Des Moines, which upheld the right of students to express themselves where their words or in that case, the wearing of a protest armband are nondisruptive and could not be seen as connected with the school, Fraser limits the scope of that ruling, by prohibiting certain styles of expression that are sexually vulgar.
Does the First Amendment prevent a school district from disciplining a high school student for giving a lewd speech at a high school assembly? The Court had earlier held, in Tinker v.
Des Moines Independent School Board, that students do not shed their constitutional rights at the school gate. In that case, the Court said that the First Amendment gave students the right to wear black armbands to school to protest the Vietnam War. In the Bethel case, however, the Court upheld the school district.
The Court held, by a margin, that school officials acted within the Constitution by disciplining Fraser. Chief Justice Burger wrote for the majority. He pointed out that there was a huge difference between the protest in Tinker, which dealt with a major issue of public policy, and the lewdness of Fraser's speech.
Stevens wrote, "I believe a strong presumption in favor of free expression should apply whenever an issue of this kind is arguable. Two of the articles submitted for publication in the final edition of the paper contained stories on divorce and teenage pregnancy.
The divorce article featured a story about a girl who blamed her father's actions for her parents' divorce. The teenage pregnancy article featured stories in which pregnant students at Hazelwood East shared their experiences.
To ensure their privacy, the girls' names were changed in the article. The school principal felt that the subjects of these two articles were inappropriate.
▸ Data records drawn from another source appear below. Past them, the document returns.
lemma hc_expect_card_ext_uncovered_le:
  assumes "finite V" "lam > 0"
  shows "hc_expect V E lam (\<lambda>I. real (card (ext_uncovered V E I v))) \<le> real (card (nbhd V E v))"
proof -
  have "card (ext_uncovered V E I v) \<le> card (nbhd V E v)" for I
    using assms(1) unfolding ext_uncovered_def nbhd_def by (intro card_mono) auto
  then have "hc_expect V E lam (\<lambda>I. real (card (ext_uncovered V E I v)))
      \<le> hc_expect V E lam (\<lambda>_. real (card (nbhd V E v)))"
    by (intro hc_expect_mono[OF assms(2,1)]) simp
  then show ?thesis by (simp add: hc_expect_const[OF assms(2,1)])
qed

lemma sum_card_nbhd_le_card_edge_set:
  assumes "finite V"
  shows "(\<Sum>v\<in>V. card (nbhd V E v)) \<le> 2 * card (edge_set V E)"
proof -
  let ?ends = "\<lambda>e. {(u, w). e = {u, w}}"
  have fin_E: "finite (edge_set V E)"
    by (rule finite_subset[of _ "Pow V"]) (use assms in \<open>auto simp: edge_set_def\<close>)
  have fin_ends: "finite (?ends e)" if "e \<in> edge_set V E" for e
  proof (rule finite_subset)
    show "?ends e \<subseteq> e \<times> e" by auto
    show "finite (e \<times> e)" using that unfolding edge_set_def by auto
  qed
  have "Sigma V (nbhd V E) \<subseteq> (\<Union>e\<in>edge_set V E. ?ends e)"
  proof clarify
    fix u w assume "u \<in> V" "w \<in> nbhd V E u"
    then have "{u, w} \<in> edge_set V E" unfolding nbhd_def edge_set_def by auto
    then show "(u, w) \<in> (\<Union>e\<in>edge_set V E. ?ends e)" by blast
  qed
  then have "card (Sigma V (nbhd V E)) \<le> card (\<Union>e\<in>edge_set V E. ?ends e)"
    using fin_E fin_ends by (intro card_mono) auto
  moreover have "(\<Sum>v\<in>V. card (nbhd V E v)) = card (Sigma V (nbhd V E))"
    using assms by (intro card_SigmaI[symmetric]) (auto simp: nbhd_def)
  moreover have "card (\<Union>e\<in>edge_set V E. ?ends e) \<le> (\<Sum>e\<in>edge_set V E. card (?ends e))"
    by (rule card_UN_le[OF fin_E])
  moreover have "card (?ends e) \<le> 2" if edge: "e \<in> edge_set V E" for e
  proof -
    obtain a b where e: "e = {a, b}" using edge unfolding edge_set_def by auto
    have "?ends e \<subseteq> {(a, b), (b, a)}" unfolding e by (auto simp: doubleton_eq_iff)
    then have "card (?ends e) \<le> card {(a, b), (b, a)}" by (rule card_mono[rotated]) simp
    also have "\<dots> \<le> 2" by (rule card_insert_le_m1) auto
    finally show ?thesis .
  qed
  then have "(\<Sum>e\<in>edge_set V E. card (?ends e)) \<le> 2 * card (edge_set V E)"
    using sum_mono[of "edge_set V E" "\<lambda>e. card (?ends e)" "\<lambda>_. 2"] by simp
  ultimately show ?thesis by linarith
qed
He concluded that journalistic fairness required that the father in the divorce article be informed of the story and be given an opportunity to comment. He also stated his concerns that simply changing the names of the girls in the teenage pregnancy article may not be sufficient to protect their anonymity and that this topic may not be suitable for the younger students.
As a result, he prohibited these articles from being published in the paper.The Student Press Law Center reports that the Allamakee (Iowa) Community School District on Monday filed a "petition for further review" to the Iowa Supreme Court, asking the state’s highest court to weigh in on the Iowa Student Free Expression Law (ISFEL).
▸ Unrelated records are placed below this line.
lemma exit_direction_or_improving_ray:
  fixes P :: "'a::real_inner set"
  assumes "line_free P" "p \<in> P" "v \<noteq> 0"
    and "p + v \<in> affine hull P" "p - v \<in> affine hull P"
  obtains (exit) s where "0 \<le> f \<bullet> s" "p + s \<in> affine hull P" "\<not> (\<forall>t\<ge>0. p + t *\<^sub>R s \<in> P)"
    | (improving_ray) s where "\<forall>t\<ge>0. p + t *\<^sub>R s \<in> P" "0 < f \<bullet> s"
proof -
  have *: thesis if u: "0 \<le> f \<bullet> u" "u \<noteq> 0" "p + u \<in> affine hull P" "p - u \<in> affine hull P" for u
  proof (cases "\<forall>t\<ge>0. p + t *\<^sub>R u \<in> P")
    case False
    with u show thesis by (intro exit)
  next
    case stays: True
    show thesis
    proof (cases "0 < f \<bullet> u")
      case True
      with stays show thesis by (rule improving_ray)
    next
      case False
      have "\<not> (\<forall>t\<ge>0. p + t *\<^sub>R (- u) \<in> P)"
      proof
        assume "\<forall>t\<ge>0. p + t *\<^sub>R (- u) \<in> P"
        with stays have "\<forall>t. p + t *\<^sub>R u \<in> P"
          by (metis add.inverse_inverse linear neg_0_le_iff_le scaleR_minus_left scaleR_minus_right)
        with assms(1) u(2) show False
          by (auto simp: line_free_def)
      qed
      moreover have "0 \<le> f \<bullet> (- u)" "p + (- u) \<in> affine hull P"
        using False u by auto
      ultimately show thesis by (intro exit)
    qed
  qed
  show thesis
  proof (cases "0 \<le> f \<bullet> v")
    case True
    from True assms(3-5) show thesis by (rule *)
  next
    case False
    with assms(3-5) show thesis by (intro *[of "- v"]) auto
  qed
qed

lemma rel_frontier_polyhedron_in_lower_dim_face:
  fixes P :: "'a::euclidean_space set"
  assumes "polyhedron P" "z \<in> rel_frontier P"
  obtains G where "G face_of P" "z \<in> G" "polyhedron G" "nat (aff_dim G) < nat (aff_dim P)"
proof -
  obtain G where G: "G facet_of P" "z \<in> G"
    using assms rel_frontier_of_polyhedron by blast
  then have "G face_of P" "polyhedron G"
    using assms(1) facet_of_imp_face_of face_of_polyhedron_polyhedron by blast+
  moreover have "nat (aff_dim G) < nat (aff_dim P)"
    using G aff_dim_empty[of G] aff_dim_geq[of G] by (auto simp: facet_of_def)
  ultimately show thesis
    using G(2) that by blast
qed

lemma polyhedron_extreme_point_or_improving_ray:
  fixes P :: "'a::euclidean_space set"
  assumes "polyhedron P" "line_free P" "\<pi> \<in> P"
  shows "(\<exists>v. v extreme_point_of P \<and> f \<bullet> \<pi> \<le> f \<bullet> v) \<or>
         (\<exists>p s. (\<forall>t\<ge>0. p + t *\<^sub>R s \<in> P) \<and> 0 < f \<bullet> s)"
  using assms
proof (induction "nat (aff_dim P)" arbitrary: P \<pi> rule: less_induct)
  case less
  show ?case
  proof (cases "\<pi> extreme_point_of P")
    case True
    then show ?thesis by blast
  next
    case False
    then obtain a b where ab: "a \<in> P" "b \<in> P" "\<pi> \<in> open_segment a b"
      using less.prems(3) by (auto simp: extreme_point_of_def)
    have "b - a \<noteq> 0"
      using ab(3) by auto
    have aff: "\<pi> + (b - a) \<in> affine hull P" "\<pi> - (b - a) \<in> affine hull P"
      using mem_affine_3_minus[OF affine_affine_hull hull_inc hull_inc hull_inc, of \<pi> P b a 1]
        mem_affine_3_minus2[OF affine_affine_hull hull_inc hull_inc hull_inc, of \<pi> P b a 1]
        ab(1,2) less.prems(3) by simp_all
    from less.prems(2,3) \<open>b - a \<noteq> 0\<close> aff show ?thesis
    proof (cases rule: exit_direction_or_improving_ray[where f = f])
      case (exit s)
      obtain T where "0 \<le> T" and z: "\<pi> + T *\<^sub>R s \<in> rel_frontier P"
        using ray_leaves_through_rel_frontier[OF polyhedron_imp_closed[OF less.prems(1)]
            less.prems(3) exit(2,3)] by blast
      then have "f \<bullet> \<pi> \<le> f \<bullet> (\<pi> + T *\<^sub>R s)"
        using exit(1) by (simp add: inner_add_right)
      obtain G where G: "G face_of P" "\<pi> + T *\<^sub>R s \<in> G" "polyhedron G"
        and "nat (aff_dim G) < nat (aff_dim P)"
        using rel_frontier_polyhedron_in_lower_dim_face[OF less.prems(1) z] by blast
      moreover have "G \<subseteq> P"
        using G(1) by (rule face_of_imp_subset)
      moreover have "line_free G"
        using less.prems(2) \<open>G \<subseteq> P\<close> by (rule line_free_subset)
      ultimately have "(\<exists>v. v extreme_point_of G \<and> f \<bullet> (\<pi> + T *\<^sub>R s) \<le> f \<bullet> v) \<or>
          (\<exists>p s. (\<forall>t\<ge>0. p + t *\<^sub>R s \<in> G) \<and> 0 < f \<bullet> s)"
        using less.hyps by blast
      then show ?thesis
        using extreme_point_of_face[OF G(1)] \<open>G \<subseteq> P\<close>
          \<open>f \<bullet> \<pi> \<le> f \<bullet> (\<pi> + T *\<^sub>R s)\<close> by (meson order_trans subsetD)
    next
      case (improving_ray s)
      then show ?thesis by blast
    qed
  qed
qed

lemma ray_face_of_cone:
  fixes C :: "'a::euclidean_space set"
  assumes "convex C" "conic C" and pos: "\<And>y. y \<in> C \<Longrightarrow> y \<noteq> 0 \<Longrightarrow> 0 < c \<bullet> y"
    and exposed: "{e} exposed_face_of (C \<inter> {y. c \<bullet> y = 1})"
  shows "{t *\<^sub>R e | t. 0 \<le> t} face_of C"
proof -
  obtain a \<beta> where supp: "C \<inter> {y. c \<bullet> y = 1} \<subseteq> {y. a \<bullet> y \<le> \<beta>}"
    and e: "{e} = C \<inter> {y. c \<bullet> y = 1} \<inter> {y. a \<bullet> y = \<beta>}"
    using exposed by (auto simp: exposed_face_of_def)
  then have "e \<in> C" "c \<bullet> e = 1" "a \<bullet> e = \<beta>"
    by auto
  have normalize: "(1 / (c \<bullet> y)) *\<^sub>R y \<in> C \<inter> {y. c \<bullet> y = 1}" if "y \<in> C" "y \<noteq> 0" for y
    using pos[OF that] conicD[OF assms(2) that(1), of "1 / (c \<bullet> y)"] by auto
  \<comment> \<open>the exposing functional of the slice, homogenised, supports the whole cone\<close>
  have supporting: "(a - \<beta> *\<^sub>R c) \<bullet> y \<le> 0" if "y \<in> C" for y
  proof (cases "y = 0")
    case False
    have "a \<bullet> ((1 / (c \<bullet> y)) *\<^sub>R y) \<le> \<beta>"
      using supp normalize[OF that False] by blast
    then have "a \<bullet> y \<le> \<beta> * (c \<bullet> y)"
      using pos[OF that False] by (simp add: field_simps)
    then show ?thesis
      by (simp add: inner_diff_left)
  qed simp
  have "{t *\<^sub>R e | t. 0 \<le> t} = C \<inter> {y. (a - \<beta> *\<^sub>R c) \<bullet> y = 0}"
  proof (intro equalityI subsetI)
    fix y
    assume "y \<in> {t *\<^sub>R e | t. 0 \<le> t}"
    then show "y \<in> C \<inter> {y. (a - \<beta> *\<^sub>R c) \<bullet> y = 0}"
      using conicD[OF assms(2) \<open>e \<in> C\<close>] \<open>c \<bullet> e = 1\<close> \<open>a \<bullet> e = \<beta>\<close>
      by (auto simp: inner_diff_left)
  next
    fix y
    assume y: "y \<in> C \<inter> {y. (a - \<beta> *\<^sub>R c) \<bullet> y = 0}"
    show "y \<in> {t *\<^sub>R e | t. 0 \<le> t}"
    proof (cases "y = 0")
      case True
      then show ?thesis
        by (metis (mono_tags, lifting) mem_Collect_eq order_refl scaleR_zero_left)
    next
      case False
      with y pos have "0 < c \<bullet> y" "a \<bullet> y = \<beta> * (c \<bullet> y)"
        by (auto simp: inner_diff_left)
      then have "(1 / (c \<bullet> y)) *\<^sub>R y \<in> C \<inter> {y. c \<bullet> y = 1} \<inter> {y. a \<bullet> y = \<beta>}"
        using normalize[OF _ False] y by auto
      then have "(1 / (c \<bullet> y)) *\<^sub>R y = e"
        using e by blast
      then have "y = (c \<bullet> y) *\<^sub>R e"
        using \<open>0 < c \<bullet> y\<close> by auto
      with \<open>0 < c \<bullet> y\<close> show ?thesis
        by (metis (mono_tags, lifting) less_eq_real_def mem_Collect_eq)
    qed
  qed
  with supporting show ?thesis
    using face_of_Int_supporting_hyperplane_le[OF assms(1), of "a - \<beta> *\<^sub>R c" 0] by simp
qed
This petition follows a November. In Hazelwood, the Court began its analysis by examining whether the student newspaper at issue was a limited public forum. Hazelwood, U.S.
at , urbanagricultureinitiative.com This is the proper threshold question because speech in a limited public forum is less susceptible to regulation by the state.
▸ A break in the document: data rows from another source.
(* Let $\bar F^a,\bar F^b:\mathbb{R}^n\times(0,\infty)\to\mathbb{R}^n$ be closed-loop discrete-time models and suppose that $\bar F^a$ is EPC with $\bar F^b$. Then: (i) $\bar F^a$ is SPS-VSR if and only if $\bar F^b$ is SPS-VSR; (ii) $\bar F^a$ is LES-VSR if and only if $\bar F^b$ is LES-VSR; (iii) $\bar F^a$ is SLES-VSR if and only if $\bar F^b$ is SLES-VSR.
   Context: A closed-loop discrete-time (DT) model is a map $\bar F:\mathbb{R}^n\times(0,\infty)\to\mathbb{R}^n$; its solutions under a sampling-period sequence $\{T_i\}_{i=0}^\infty$ are given by $x_{k+1}=\bar F(x_k,T_k)$, $k\in\mathbb{N}_0$. For $T>0$, $\Phi(T)$ denotes the set of all sequences $\{T_i\}_{i=0}^\infty$ with $T_i\in(0,T)$ for all $i$; by convention $\sum_{i=0}^{-1}T_i=0$. $|\cdot|$ is the Euclidean norm. $\mathcal{K}$: continuous strictly increasing $\alpha:\mathbb{R}_{\ge0}\to\mathbb{R}_{\ge0}$ with $\alpha(0)=0$; $\mathcal{K}_\infty$: unbounded functions in $\mathcal{K}$; $\mathcal{KL}$: $\beta:\mathbb{R}_{\ge0}^2\to\mathbb{R}_{\ge0}$ with $\beta(\cdot,t)\in\mathcal{K}$ for each $t$ and $\beta(s,\cdot)$ strictly decreasing to $0$ for each $s$. EPC: $\bar F^a$ is Equilibrium-Preserving Consistent (EPC) with $\bar F^b$ if for each $M\ge0$ there exist $K=K(M)>0$, $T^*=T^*(M)>0$ and $\rho\in\mathcal{K}_\infty$ such that $|\bar F^a(x,T)-\bar F^b(y,T)|\le(1+KT)|x-y|+T\rho(T)\max\{|x|,|y|\}$ for all $|x|,|y|\le M$ and $T\in(0,T^* )$. SPS-VSR: there exists $\beta\in\mathcal{KL}$ such that for every $M\ge0$ and $R>0$ there exists $T^\star=T^\star(M,R)>0$ such that for all $k\in\mathbb{N}_0$, $\{T_i\}\in\Phi(T^\star)$ and $|x_0|\le M$, the solutions satisfy $|x_k|\le\beta(|x_0|,\sum_{i=0}^{k-1}T_i)+R$. LES-VSR: there exist $K\ge1$ and $R,T^\star,\lambda>0$ such that for all $k\in\mathbb{N}_0$, $\{T_i\}\in\Phi(T^\star)$ and $|x_0|\le R$, the solutions satisfy $|x_k|\le K|x_0|e^{-\lambda\sum_{i=0}^{k-1}T_i}$. SLES-VSR: both SPS-VSR and LES-VSR. *)

theory Defs
  imports "HOL-Analysis.Analysis"
begin

text \<open>Comparison function classes; only the values on the nonnegative reals matter.\<close>

definition class_K :: "(real \<Rightarrow> real) \<Rightarrow> bool" where
  "class_K \<alpha> \<longleftrightarrow> continuous_on {0..} \<alpha> \<and> strict_mono_on {0..} \<alpha> \<and> \<alpha> 0 = 0"

definition class_K_inf :: "(real \<Rightarrow> real) \<Rightarrow> bool" where
  "class_K_inf \<alpha> \<longleftrightarrow> class_K \<alpha> \<and> (\<forall>r. \<exists>s\<ge>0. \<alpha> s > r)"

definition class_KL :: "(real \<Rightarrow> real \<Rightarrow> real) \<Rightarrow> bool" where
  "class_KL \<beta> \<longleftrightarrow>
     (\<forall>t\<ge>0. class_K (\<lambda>s. \<beta> s t)) \<and>
     (\<forall>s>0. (\<forall>t1\<ge>0. \<forall>t2. t1 < t2 \<longrightarrow> \<beta> s t2 < \<beta> s t1) \<and>
            ((\<lambda>t. \<beta> s t) \<longlongrightarrow> 0) at_top)"

primrec dt_sol :: "('a \<Rightarrow> real \<Rightarrow> 'a) \<Rightarrow> 'a \<Rightarrow> (nat \<Rightarrow> real) \<Rightarrow> nat \<Rightarrow> 'a" where
  "dt_sol F x0 Ts 0 = x0"
| "dt_sol F x0 Ts (Suc k) = F (dt_sol F x0 Ts k) (Ts k)"

definition Phi :: "real \<Rightarrow> (nat \<Rightarrow> real) set" where
  "Phi T = {Ts. \<forall>i. 0 < Ts i \<and> Ts i < T}"

definition EPC :: "(real^'n \<Rightarrow> real \<Rightarrow> real^'n) \<Rightarrow> (real^'n \<Rightarrow> real \<Rightarrow> real^'n) \<Rightarrow> bool" where
  "EPC Fa Fb \<longleftrightarrow> (\<forall>M\<ge>0. \<exists>K>0. \<exists>Tst>0. \<exists>\<rho>. class_K_inf \<rho> \<and>
      (\<forall>x y T. norm x \<le> M \<longrightarrow> norm y \<le> M \<longrightarrow> 0 < T \<longrightarrow> T < Tst \<longrightarrow>
         norm (Fa x T - Fb y T) \<le> (1 + K * T) * norm (x - y) + T * \<rho> T * max (norm x) (norm y)))"

definition SPS_VSR :: "(real^'n \<Rightarrow> real \<Rightarrow> real^'n) \<Rightarrow> bool" where
  "SPS_VSR F \<longleftrightarrow> (\<exists>\<beta>. class_KL \<beta> \<and>
     (\<forall>M\<ge>0. \<forall>R>0. \<exists>Tst>0. \<forall>k Ts x0. Ts \<in> Phi Tst \<longrightarrow> norm x0 \<le> M \<longrightarrow>
        norm (dt_sol F x0 Ts k) \<le> \<beta> (norm x0) (\<Sum>i<k. Ts i) + R))"

definition LES_VSR :: "(real^'n \<Rightarrow> real \<Rightarrow> real^'n) \<Rightarrow> bool" where
  "LES_VSR F \<longleftrightarrow> (\<exists>K\<ge>1. \<exists>R>0. \<exists>Tst>0. \<exists>lam>0. \<forall>k Ts x0.
     Ts \<in> Phi Tst \<longrightarrow> norm x0 \<le> R \<longrightarrow>
       norm (dt_sol F x0 Ts k) \<le> K * norm x0 * exp (- lam * (\<Sum>i<k. Ts i)))"

definition SLES_VSR :: "(real^'n \<Rightarrow> real \<Rightarrow> real^'n) \<Rightarrow> bool" where
  "SLES_VSR F \<longleftrightarrow> SPS_VSR F \<and> LES_VSR F"

end

theory Submission
  imports Defs
begin

text \<open>Over a fixed time horizon, EPC and a discrete Gronwall estimate show that an
  \<open>F\<^sup>a\<close>-solution and the \<open>F\<^sup>b\<close>-solution from the same initial state differ by an
  arbitrarily small fraction of a bound on the latter, provided all sampling periods are small.
  To reach infinite time, the comparison is restarted: time is cut into windows of duration
  between \<open>\<tau>\<close> and \<open>2\<tau>\<close>, and \<open>\<tau>\<close> is chosen so large that the stability bound of \<open>F\<^sup>b\<close> has
  decayed enough over one window to bring the \<open>F\<^sup>a\<close>-solution back into the region where the
  comparison applies again (a small ball for SPS, a halving of the norm for LES).
  Since EPC is symmetric, this transfers each property in both directions.\<close>

lemma class_K_small_near_zero:
  assumes "class_K \<alpha>" and "\<epsilon> > 0"
  obtains \<delta> where "\<delta> > 0" and "\<And>s. 0 \<le> s \<Longrightarrow> s < \<delta> \<Longrightarrow> \<alpha> s < \<epsilon>"
proof -
  have "continuous_on {0..} \<alpha>" and "\<alpha> 0 = 0"
    using assms(1) by (auto simp: class_K_def)
  then obtain d where "d > 0" and "\<forall>s\<in>{0..}. dist s 0 < d \<longrightarrow> dist (\<alpha> s) (\<alpha> 0) < \<epsilon>"
    using assms(2) unfolding continuous_on_iff by (meson atLeast_iff order_refl)
  with \<open>\<alpha> 0 = 0\<close> show ?thesis
    by (intro that[of d]) (auto simp: dist_real_def)
qed

lemma class_KL_zero: "class_KL \<beta> \<Longrightarrow> 0 \<le> t \<Longrightarrow> \<beta> 0 t = 0"
  by (auto simp: class_KL_def class_K_def)

lemma class_KL_mono:
  assumes "class_KL \<beta>" "0 \<le> s1" "s1 \<le> s2" "0 \<le> t"
  shows "\<beta> s1 t \<le> \<beta> s2 t"
proof -
  have "strict_mono_on {0..} (\<lambda>s. \<beta> s t)"
    using assms by (auto simp: class_KL_def class_K_def)
  with assms show ?thesis
    by (cases "s1 = s2") (auto simp: strict_mono_on_def intro: less_imp_le)
qed

lemma class_KL_nonneg: "class_KL \<beta> \<Longrightarrow> 0 \<le> s \<Longrightarrow> 0 \<le> t \<Longrightarrow> 0 \<le> \<beta> s t"
  using class_KL_mono[of \<beta> 0 s t] class_KL_zero[of \<beta> t] by simp

lemma class_KL_antimono:
  assumes "class_KL \<beta>" "0 \<le> s" "0 \<le> t1" "t1 \<le> t2"
  shows "\<beta> s t2 \<le> \<beta> s t1"
proof (cases "s = 0")
  case True
  with assms show ?thesis by (simp add: class_KL_zero)
next
  case False
  with assms show ?thesis
    unfolding class_KL_def by (cases "t1 = t2") (auto intro: less_imp_le)
qed

lemma class_KL_eventually_le:
  assumes "class_KL \<beta>" "s > 0" "\<epsilon> > 0"
  obtains \<tau> where "\<tau> > 0" and "\<beta> s \<tau> \<le> \<epsilon>"
proof -
  have "((\<lambda>t. \<beta> s t) \<longlongrightarrow> 0) at_top"
    using assms by (simp add: class_KL_def)
  then have "eventually (\<lambda>t. dist (\<beta> s t) 0 < \<epsilon>) at_top"
    using assms(3) by (simp add: tendsto_iff)
  then obtain t0 where "\<And>t. t \<ge> t0 \<Longrightarrow> dist (\<beta> s t) 0 < \<epsilon>"
    by (auto simp: eventually_at_top_linorder)
  from this[of "max t0 1"] show ?thesis
    by (intro that[of "max t0 1"]) (auto simp: dist_real_def)
qed

lemma dt_sol_add: "dt_sol F x0 Ts (m + j) = dt_sol F (dt_sol F x0 Ts m) (\<lambda>i. Ts (m + i)) j"
  by (induction j) auto

lemma sum_lessThan_add:
  fixes f :: "nat \<Rightarrow> 'a::comm_monoid_add"
  shows "(\<Sum>i<m + j. f i) = (\<Sum>i<m. f i) + (\<Sum>i<j. f (m + i))"
  by (induction j) (auto simp: add.assoc)

lemma Phi_shift: "Ts \<in> Phi T \<Longrightarrow> (\<lambda>i. Ts (m + i)) \<in> Phi T"
  by (simp add: Phi_def)

lemma Phi_mono: "Ts \<in> Phi T \<Longrightarrow> T \<le> T' \<Longrightarrow> Ts \<in> Phi T'"
  by (auto simp: Phi_def intro: less_le_trans)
3 As the Court concluded in Hazelwood. The Hazelwood decision had an effect on high schools across the nation and the examples of how school administrators have applied the ruling are chilling.
In Manchester, New Hampshire, a principal shut down the student newspaper after an editorial criticized a teacher for withholding the vote totals in . THEREFORE BE IT RESOLVED that the Society of Professional Journalists, meeting in convention in Anaheim, California on September 9, , commends the work of the SPLC and its former executive director Frank LoMonte for their untiring efforts to undo the ill effects of the Hazelwood decision of the U.S.
Supreme Court. There can be no doubt, in light of the Teamsters case, that the District Court's comparison of Hazelwood's teacher work force to its student population fundamentally misconceived the role of statistics in employment discrimination cases. In January , the United States Supreme Court handed down its opinion in the case Hazelwood School District urbanagricultureinitiative.com Court upheld the decision of public high school administrators at Hazelwood East High School in suburban St.
Louis, Mo., to censor stories concerning teen pregnancy and the effects of divorce on children from a school-sponsored student newspaper.